# Diluting Shampoo...also adding lemon juice to it



## user3 (Feb 22, 2006)

I've read more than once that it's a good idea to dilute your shampoo with spring/bottled/distilled water.
Is there is gain in doing this?

I have also heard that adding lemon juice to your shampo can help those that have an oily scalp.
Any truth to this one?


BTW I got all of that info out of the First for women magazine. They always have great tips but these 2 I am not 100% on board. I have not tested them out because I don't want to ruin my shampoo.


----------



## Shawna (Feb 22, 2006)

My mom is a hairdresser and gets all her shampoo from the beauty supply.  She always dilutes hers with water (regular) just to make the product last longer.  I have some Paul Mitchell conditioner that I diluted simply because it was so thick, it wouldn't come out of the container.  I don't know if there is any benefit except to make more product.  As for the lemon juice, I've never heard that, but I would think the acid in the lemon juice might change the structure of the product and that would suck


----------



## Sushi_Flower (Feb 24, 2006)

I don't know about helping oily scalps but i put loads of lemon juics to my henna mixture when i henna my hair and it gives amazing shine.


----------



## Corvs Queen (Feb 24, 2006)

Lemon juice is also great to add to your foundation because it keeps the shine down all day long.
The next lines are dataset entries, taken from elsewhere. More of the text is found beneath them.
lemma suppress_solution:
  assumes "X \<subseteq> V" "pit_deletion V m X"
  shows "\<exists>X'\<subseteq>V - {c}. card X' \<le> card X \<and> pit_deletion (V - {c}) m' X'"
proof (cases "c \<in> X")
  case True
  text \<open>Deleting b instead of c leaves an induced subgraph of G - X.\<close>
  define X' where "X' = insert b (X - {c})"
  have "finite X" using assms(1) multigraph finite_subset unfolding multigraph_def by auto
  then have "card X' \<le> Suc (card (X - {c}))" by (simp add: X'_def card_insert_if)
  also have "\<dots> = card X" using \<open>finite X\<close> True by (rule card_Suc_Diff1)
  finally have "card X' \<le> card X" .
  moreover have "pit_deletion (V - {c}) m' X'"
  proof (rule pit_deletion_induced[OF assms(2)])
    show "V - {c} - X' \<subseteq> V - X" using True unfolding X'_def by auto
    show "m' u v = m u v" if "u \<in> V - {c} - X'" "v \<in> V - {c} - X'" for u v
      using m'_agrees[OF that] unfolding X'_def by auto
  qed
  moreover have "X' \<subseteq> V - {c}" using assms(1) in_V distinct unfolding X'_def by auto
  ultimately show ?thesis by blast
next
  case False
  have "pit_deletion (V - {c}) m' X"
  proof (cases "b \<in> X \<or> d \<in> X")
    case True
    show ?thesis
    proof (rule pit_deletion_induced[OF assms(2)])
      show "m' u v = m u v" if "u \<in> V - {c} - X" "v \<in> V - {c} - X" for u v
        using m'_agrees[OF that] True by auto
    qed auto
  next
    case bd: False
    interpret subdivision "V - {c} - X" c b d "adjacent m" "adjacent m'"
      using is_subdivision bd by blast
    have "insert c (V - {c} - X) = V - X" using False in_V by auto
    then have "pit_graph (V - {c} - X) (adjacent m')"
      using assms(2) pit_graph_iff no_common_neighbour unfolding pit_deletion_def by auto
    moreover have "m' u v \<le> 1" if "u \<in> V - {c} - X" "v \<in> V - {c} - X" for u v
      using that assms(2) m'_eq[of u v] m_bd unfolding pit_deletion_def
      by (auto simp: doubleton_eq_iff)
    ultimately show ?thesis unfolding pit_deletion_def by blast
  qed
  then show ?thesis using assms(1) False by blast
qed

lemma mult_le_1_unsuppress:
  assumes "u \<noteq> c \<Longrightarrow> v \<noteq> c \<Longrightarrow> m' u v \<le> 1"
  shows "m u v \<le> 1"
proof (cases "u = c \<or> v = c")
  case True
  have "m c w \<le> 1" for w
  proof (cases "0 < m c w")
    case True
    then have "w = b \<or> w = d" by (rule nbrs_c(3))
    then show ?thesis using nbrs_c(1,2) by auto
  qed simp
  then show ?thesis using True m_sym[of u c] by auto
next
  case False
  then have "m u v \<le> m' u v" using m'_eq[of u v] by simp
  also have "\<dots> \<le> 1" using assms False by auto
  finally show ?thesis .
qed

lemma unsuppress_pit_graph:
  assumes "X \<subseteq> V - {c}" and reduced: "pit_graph (V - {c} - X) (adjacent m')"
  shows "pit_graph (V - X) (adjacent m)"
proof -
  let ?S = "V - {c} - X"
  have old: "pit_graph ?S (adjacent m)" if bd: "b \<in> X \<or> d \<in> X"
  proof (rule pit_graph_induced[OF reduced])
    show "adjacent m u v = adjacent m' u v" if "u \<in> ?S" "v \<in> ?S" for u v
      using m'_agrees[OF that] bd by auto
  qed simp
  have "pit_graph (insert c ?S) (adjacent m)"
  proof (cases "b \<in> X"; cases "d \<in> X")
    assume "b \<in> X" "d \<in> X"
    then show ?thesis
      using pit_graph_insert_isolated[OF old multigraph_undirected[OF multigraph]] nbrs_c(3) by auto
  next
    assume "b \<in> X" "d \<notin> X"
    interpret pendant ?S c d "adjacent m" using is_pendant_at_d \<open>b \<in> X\<close> \<open>d \<notin> X\<close> by blast
    have "x = y" if "x \<in> ?S" "y \<in> ?S" "0 < m d x" "0 < m d y" for x y
      using that nbrs_d(3) by blast
    then show ?thesis using pit_graph_iff old \<open>b \<in> X\<close> by blast
  next
    assume "b \<notin> X" "d \<in> X"
    interpret pendant ?S c b "adjacent m" using is_pendant_at_b \<open>b \<notin> X\<close> \<open>d \<in> X\<close> by blast
    have "x = y" if "x \<in> ?S" "y \<in> ?S" "0 < m b x" "0 < m b y" for x y
      using that nbrs_b(3) by blast
    then show ?thesis using pit_graph_iff old \<open>d \<in> X\<close> by blast
  next
    assume "b \<notin> X" "d \<notin> X"
    interpret subdivision ?S c b d "adjacent m" "adjacent m'"
      using is_subdivision \<open>b \<notin> X\<close> \<open>d \<notin> X\<close> by blast
    show ?thesis using pit_graph_iff no_common_neighbour reduced by auto
  qed
  moreover have "V - X = insert c ?S" using assms(1) in_V by auto
  ultimately show ?thesis by simp
qed

lemma unsuppress_solution:
  assumes "X \<subseteq> V - {c}" "pit_deletion (V - {c}) m' X"
  shows "pit_deletion V m X"
proof -
  have "m u v \<le> 1" if "u \<in> V - X" "v \<in> V - X" for u v
    using that assms mult_le_1_unsuppress[of u v] unfolding pit_deletion_def by auto
  then show ?thesis
    using unsuppress_pit_graph[OF assms(1)] assms(2) unfolding pit_deletion_def by auto
qed

theorem pitvd_iff: "pitvd V m k \<longleftrightarrow> pitvd (V - {c}) m' k"
  unfolding pitvd_iff_pit_deletion[OF multigraph] pitvd_iff_pit_deletion[OF multigraph_m']
proof
  assume "\<exists>X\<subseteq>V. int (card X) \<le> k \<and> pit_deletion V m X"
  then obtain X where X: "X \<subseteq> V" "int (card X) \<le> k" "pit_deletion V m X" by blast
  then obtain X' where "X' \<subseteq> V - {c}" "card X' \<le> card X" "pit_deletion (V - {c}) m' X'"
    using suppress_solution by blast
  then show "\<exists>X'\<subseteq>V - {c}. int (card X') \<le> k \<and> pit_deletion (V - {c}) m' X'"
    using X(2) by (intro exI[of _ X']) auto
next
  assume "\<exists>X\<subseteq>V - {c}. int (card X) \<le> k \<and> pit_deletion (V - {c}) m' X"
  then show "\<exists>X\<subseteq>V. int (card X) \<le> k \<and> pit_deletion V m X"
    using unsuppress_solution by blast
qed

lemma deg2_interior_reduced:
  assumes "deg2_interior m (d # e # Q)" "set Q \<inter> {b, c, d} = {}"
  shows "deg2_interior m' (a # b # d # e # Q)"
proof -
  have "m' y = m y" if "y \<in> set (e # Q)" for y
    using that assms(2) distinct m'_unchanged[of y] by auto
  then have "deg2_interior m' (d # e # Q)"
    using assms(1) deg2_interior_cong[of "e # Q" m' m d] by simp
  moreover have "deg2_between m' a b d"
    using nbrs_b m_bd distinct by (auto simp: deg2_between_def reduce_mult_def doubleton_eq_iff)
  moreover have "deg2_between m' b d e"
    using nbrs_d m_bd distinct by (auto simp: deg2_between_def reduce_mult_def doubleton_eq_iff)
  ultimately show ?thesis by simp
qed

end

subsection \<open>Contracting the whole path\<close>

lemma sum_eq_2_at_two_points:
  fixes f :: "'a \<Rightarrow> nat"
  assumes "finite V" "x \<in> V" "z \<in> V" "x \<noteq> z" "sum f V = 2" "0 < f x" "0 < f z"
  shows "f x = 1 \<and> f z = 1 \<and> (\<forall>u\<in>V. u \<noteq> x \<longrightarrow> u \<noteq> z \<longrightarrow> f u = 0)"
proof -
  have "sum f V = f x + f z + sum f (V - {x} - {z})"
    using assms(1-4) by (simp add: sum.remove)
  then have "sum f (V - {x} - {z}) = 0" "f x = 1" "f z = 1" using assms(5-7) by linarith+
  then show ?thesis using assms(1) by auto
qed

lemma deg2_path_tl:
  assumes "deg2_path V m (x # P)" "P \<noteq> []"
  shows "deg2_path V m P"
proof -
  have "0 < m (P ! i) (P ! Suc i)" if "Suc i < length P" for i
    using assms(1) that unfolding deg2_path_def by (metis Suc_less_eq length_Cons nth_Cons_Suc)
  moreover have "deg V m (P ! i) = 2" if "0 < i" "Suc i < length P" for i
    using assms(1) that unfolding deg2_path_def by (metis Suc_less_eq length_Cons nth_Cons_Suc zero_less_Suc)
  ultimately show ?thesis using assms unfolding deg2_path_def by auto
qed

lemma deg2_path_between:
  assumes "multigraph V m" "deg2_path V m (x # y # z # P)"
  shows "deg2_between m x y z"
proof -
  let ?P = "x # y # z # P"
  have "finite V" and supp: "\<And>u v. 0 < m u v \<Longrightarrow> u \<in> V \<and> v \<in> V" and "m y x = m x y"
    using assms(1) unfolding multigraph_def by auto
  have edge: "\<And>i. Suc i < length ?P \<Longrightarrow> 0 < m (?P ! i) (?P ! Suc i)"
    and inner: "\<And>i. 0 < i \<Longrightarrow> Suc i < length ?P \<Longrightarrow> deg V m (?P ! i) = 2"
    and "distinct ?P"
    using assms(2) unfolding deg2_path_def by auto
  then have "0 < m x y" "0 < m y z" "sum (m y) V = 2" "x \<noteq> z"
    using edge[of 0] edge[of 1] inner[of 1] unfolding deg_def by auto
  moreover have "x \<in> V" "z \<in> V" "0 < m y x"
    using supp \<open>0 < m x y\<close> \<open>0 < m y z\<close> \<open>m y x = m x y\<close> by auto
  ultimately have "m y x = 1 \<and> m y z = 1 \<and> (\<forall>u\<in>V. u \<noteq> x \<longrightarrow> u \<noteq> z \<longrightarrow> m y u = 0)"
    using sum_eq_2_at_two_points[OF \<open>finite V\<close>, of x z "m y"] by blast
  moreover have "u = x \<or> u = z" if "0 < m y u" for u
    using calculation supp[OF that] that by auto
  ultimately show ?thesis unfolding deg2_between_def by blast
qed

lemma deg2_path_imp_deg2_interior:
  "multigraph V m \<Longrightarrow> deg2_path V m P \<Longrightarrow> deg2_interior m P"
proof (induction m P rule: deg2_interior.induct)
  case (1 m x y z P)
  then show ?case using deg2_path_between deg2_path_tl[of V m x "y # z # P"] by auto
qed simp_all

lemma reduce_mult_reduce_mult:
  assumes "d \<in> Z" "b \<notin> Z0" "y \<notin> Z0"
  shows "reduce_mult (reduce_mult m Z0 b d) Z b y = reduce_mult m (Z0 \<union> Z) b y"
  using assms unfolding reduce_mult_def by (auto simp: fun_eq_iff)

lemma pitvd_contract_deg2_path:
  assumes "multigraph V m" "distinct (a # b # c # R @ [y, z])"
    and "deg2_interior m (a # b # c # R @ [y, z])"
  shows "pitvd V m k \<longleftrightarrow> pitvd (V - insert c (set R)) (reduce_mult m (insert c (set R)) b y) k"
  using assms
proof (induction R arbitrary: V m c)
  case Nil
  interpret deg2_suppression V m a b c y z using Nil by unfold_locales auto
  show ?case using pitvd_iff by simp
next
  case (Cons d R)
  obtain e Q where eQ: "R @ [y, z] = e # Q" by (cases R) auto
  interpret deg2_suppression V m a b c d e
    using Cons.prems eQ deg2_interior_prefix[of m "[a, b, c, d, e]" Q] by unfold_locales auto
  have "multigraph (V - {c}) m'" by (rule multigraph_m')
  moreover have "distinct (a # b # d # R @ [y, z])" using Cons.prems(2) by auto
  moreover have "deg2_interior m' (a # b # d # R @ [y, z])"
    using deg2_interior_reduced[of Q] Cons.prems eQ by auto
  ultimately have "pitvd (V - {c}) m' k \<longleftrightarrow>
      pitvd (V - {c} - insert d (set R)) (reduce_mult m' (insert d (set R)) b y) k"
    by (rule Cons.IH)
  moreover have "reduce_mult m' (insert d (set R)) b y = reduce_mult m (insert c (set (d # R))) b y"
    using reduce_mult_reduce_mult[of d "insert d (set R)" b "{c}" y m] Cons.prems(2)
    by (auto simp: insert_commute)
  moreover have "V - {c} - insert d (set R) = V - insert c (set (d # R))" by auto
  ultimately show ?case using pitvd_iff by simp
qed

lemma list_length_ge_5_cases:
  assumes "5 \<le> length P"
  obtains a b c R y z where "P = a # b # c # R @ [y, z]"
proof -
  obtain a b c Q where P: "P = a # b # c # Q" and "2 \<le> length Q"
    using assms by (auto simp: numeral_eq_Suc Suc_le_length_iff)
  then have "Q \<noteq> []" "butlast Q \<noteq> []" by (simp_all flip: length_greater_0_conv)
  then have "Q = butlast (butlast Q) @ [last (butlast Q), last Q]"
    by (metis append_butlast_last_id append.assoc append_Cons append_Nil)
  then show ?thesis using that P by metis
qed

lemma Cons3_append2_middle_nths:
  "{(a # b # c # R @ [y, z]) ! i | i. 2 \<le> i \<and> i \<le> length (a # b # c # R @ [y, z]) - 3}
    = insert c (set R)" (is "?L = _")
proof -
  have "?L = {(c # R) ! j | j. j < length (c # R)}"
  proof (intro set_eqI iffI)
    fix x assume "x \<in> ?L"
    then obtain i where "x = (a # b # c # R @ [y, z]) ! i" "2 \<le> i" "i \<le> length R + 2" by auto
    then show "x \<in> {(c # R) ! j | j. j < length (c # R)}"
      by (intro CollectI exI[of _ "i - 2"])
        (auto simp: nth_append numeral_eq_Suc nth_Cons' split: if_splits)
  next
    fix x assume "x \<in> {(c # R) ! j | j. j < length (c # R)}"
    then obtain j where "x = (c # R) ! j" "j < length (c # R)" by auto
    then show "x \<in> ?L"
      by (intro CollectI exI[of _ "j + 2"]) (auto simp: nth_append nth_Cons')
  qed
  also have "\<dots> = set (c # R)" by (rule set_conv_nth[symmetric])
  finally show ?thesis by simp
qed
lemma integral_inner_adjoint_step:
  assumes sol: "fbsde_sol M x0 w N A B C D Q R G \<Phi> k y X Z" and l: "k < l" "l < N"
    and y: "y \<in> borel_measurable (F k)" "L2 y" and u: "u \<in> borel_measurable (F k)" "L2 u"
  shows "(\<integral>\<omega>. Z (Suc l) \<omega> \<bullet> Ycl k u (Suc l) \<omega> \<partial>M)
    = (\<integral>\<omega>. Z l \<omega> \<bullet> Ycl k u l \<omega> \<partial>M) - (\<integral>\<omega>. (Qcl k l *v Xcl k y l \<omega>) \<bullet> Ycl k u l \<omega> \<partial>M)"
proof -
  have Y: "Ycl k u l \<in> borel_measurable (F l)" "L2 (Ycl k u l)" using Ycl_adapted[OF u] l by auto
  then have AY: "(\<lambda>\<omega>. Acl k l *v Ycl k u l \<omega>) \<in> borel_measurable (F l)" "L2 (\<lambda>\<omega>. Acl k l *v Ycl k u l \<omega>)"
    and CY: "(\<lambda>\<omega>. Ccl k l *v Ycl k u l \<omega>) \<in> borel_measurable (F l)" "L2 (\<lambda>\<omega>. Ccl k l *v Ycl k u l \<omega>)"
    by (auto intro: L2_matrix_vector_mult)
  have Z: "L2 (Z (Suc l))" "L2 (Z l)" and X: "L2 (Xcl k y l)"
    using fbsde_solD(1)[OF sol] Xcl_adapted[OF y] l by auto
  have [measurable]: "Ycl k u l \<in> borel_measurable M" "Z l \<in> borel_measurable M"
    "Xcl k y l \<in> borel_measurable M" using Y Z X by auto
  let ?V1 = "vcond_exp M (F l) (Z (Suc l))"
  let ?V2 = "vcond_exp M (F l) (\<lambda>\<eta>. w l \<eta> *\<^sub>R Z (Suc l) \<eta>)"
  have "(\<integral>\<omega>. Z (Suc l) \<omega> \<bullet> Ycl k u (Suc l) \<omega> \<partial>M)
      = (\<integral>\<omega>. Z (Suc l) \<omega> \<bullet> (Acl k l *v Ycl k u l \<omega> + w l \<omega> *\<^sub>R (Ccl k l *v Ycl k u l \<omega>)) \<partial>M)"
    using l by (simp add: Acl_def Ccl_def)
  also have "\<dots> = (\<integral>\<omega>. ?V1 \<omega> \<bullet> (Acl k l *v Ycl k u l \<omega>) + ?V2 \<omega> \<bullet> (Ccl k l *v Ycl k u l \<omega>) \<partial>M)"
    by (rule integral_inner_noise_step(2)[OF AY CY Z(1)])
  also have "\<dots> = (\<integral>\<omega>. (transpose (Acl k l) *v ?V1 \<omega> + transpose (Ccl k l) *v ?V2 \<omega>) \<bullet> Ycl k u l \<omega> \<partial>M)"
    by (simp add: inner_matrix_vector_mult inner_add_left del: transpose_matrix_vector)
  also have "\<dots> = (\<integral>\<omega>. (Z l \<omega> - Qcl k l *v Xcl k y l \<omega>) \<bullet> Ycl k u l \<omega> \<partial>M)"
  proof (rule integral_cong_AE)
    show "AE \<omega> in M. (transpose (Acl k l) *v ?V1 \<omega> + transpose (Ccl k l) *v ?V2 \<omega>) \<bullet> Ycl k u l \<omega>
        = (Z l \<omega> - Qcl k l *v Xcl k y l \<omega>) \<bullet> Ycl k u l \<omega>"
    proof -
      have "l \<in> {k..<N}" "l \<in> {k..N}" using l by auto
      from fbsde_solD(4)[OF sol this(1)] fbsde_sol_state_AE[OF sol this(2)] show ?thesis
        by eventually_elim (simp add: inner_diff_left del: transpose_matrix_vector)
    qed
  qed measurable
  also have "\<dots> = (\<integral>\<omega>. Z l \<omega> \<bullet> Ycl k u l \<omega> \<partial>M) - (\<integral>\<omega>. (Qcl k l *v Xcl k y l \<omega>) \<bullet> Ycl k u l \<omega> \<partial>M)"
    unfolding inner_diff_left using integrable_inner_L2[OF Z(2) Y(2)] integrable_cross_L2[OF X Y(2)] by simp
  finally show ?thesis .
qed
I love it! Just a bit though. No kidding, like maybe half a drop.


----------



## so_siqqq (Feb 24, 2006)

Diluting your shampoo makes it less concentrated I guess I can say. Use diluted shampoo for the days you don't shampoo if you alternate between shampooing and conditioning days.

I'm not sure if lemon helps oily scalps but I do know it lightens hair when in the sun.


----------



## user3 (Feb 24, 2006)

Quote:

   Originally Posted by *Corv's Queen* 
_Lemon juice is also great to add to your foundation because it keeps the shine down all day long. I love it! Just a bit though. No kidding, like maybe half a drop._

 

So I am going to go a bit 
	

	
	
		
		

		
		
	


	




 right now but I use BE mineral foundation. You have got me curious about this. Do you think it would work if I dabbed it on my face prior to putting on the foundation? Or Maybe some in a spray bottle...?


----------



## Corvs Queen (Feb 24, 2006)

Quote:

   Originally Posted by *'Nessa* 
_So I am going to go a bit 
	

	
	
		
		

		
		
	


	




 right now but I use BE mineral foundation. You have got me curious about this. Do you think it would work if I dabbed it on my face prior to putting on the foundation? Or Maybe some in a spray bottle...?_

 
I usually use Mary Kay Medium coverage foundation or Clinique's Super Real foundation. If I use Mary Kay, I don't use the lemon juice because it's already in there but when I do use the lemon juice I just place a bit with my foundation and mix then apply with my fingers. Works great for me. I don't really know how I would use it with BE. But maybe you could try mixing just a bit with your moisturiser. Let me know how it turns out with whatever you decide to do.


----------



## ruby_soho (Feb 28, 2006)

If you want to use lemon juice to treat an oily scalp, then instead of adding it to your shampoo - since you seemed a bit leary of that - then I'd buy one of those plastic lemons full of juice from your grocery store, mix it with some water and put it in a spray bottle. Spritz it through your hair after showering and towel dry off excess moisture? That may help. I've heard of using lemon juice on your hair to bring out natural highlights and lighten it by the sun. Hope this helps some


----------



## laurenmo88 (Feb 28, 2006)

wow i'd like to try this lemon for oily hair thing (my hair tends to get super oily at the end of the day) so...i think i'll go to the store on the weekend and get a squirt bottle and look for lemon juice in a bottle - let u guys know how this works out !!!


----------



## user3 (Mar 1, 2006)

Quote:

   Originally Posted by *ruby_soho* 
_If you want to use lemon juice to treat an oily scalp, then instead of adding it to your shampoo - since you seemed a bit leary of that - then I'd buy one of those plastic lemons full of juice from your grocery store, mix it with some water and put it in a spray bottle. Spritz it through your hair after showering and towel dry off excess moisture? That may help. I've heard of using lemon juice on your hair to bring out natural highlights and lighten it by the sun. Hope this helps some
	

	
	
		
		

		
		
	


	


_

 
I think I will try that...well before shampooing because I don't want to lighten my hair. I might try  it before my condition. I'll see what works best. TY
I've done the lemon lightening before...:crap: didn't work out so well for my hair.


----------



## fireatwill (Mar 7, 2006)

Lemon juice.


----------



## lovemichelle (Mar 7, 2006)

i never water down my shampoos and the only time I will add water to a conditioner is to make my own leave in treatment.

as for the oily scalp i wouldnt use lemon juice, but on a day to day basic you can use baby powder.


----------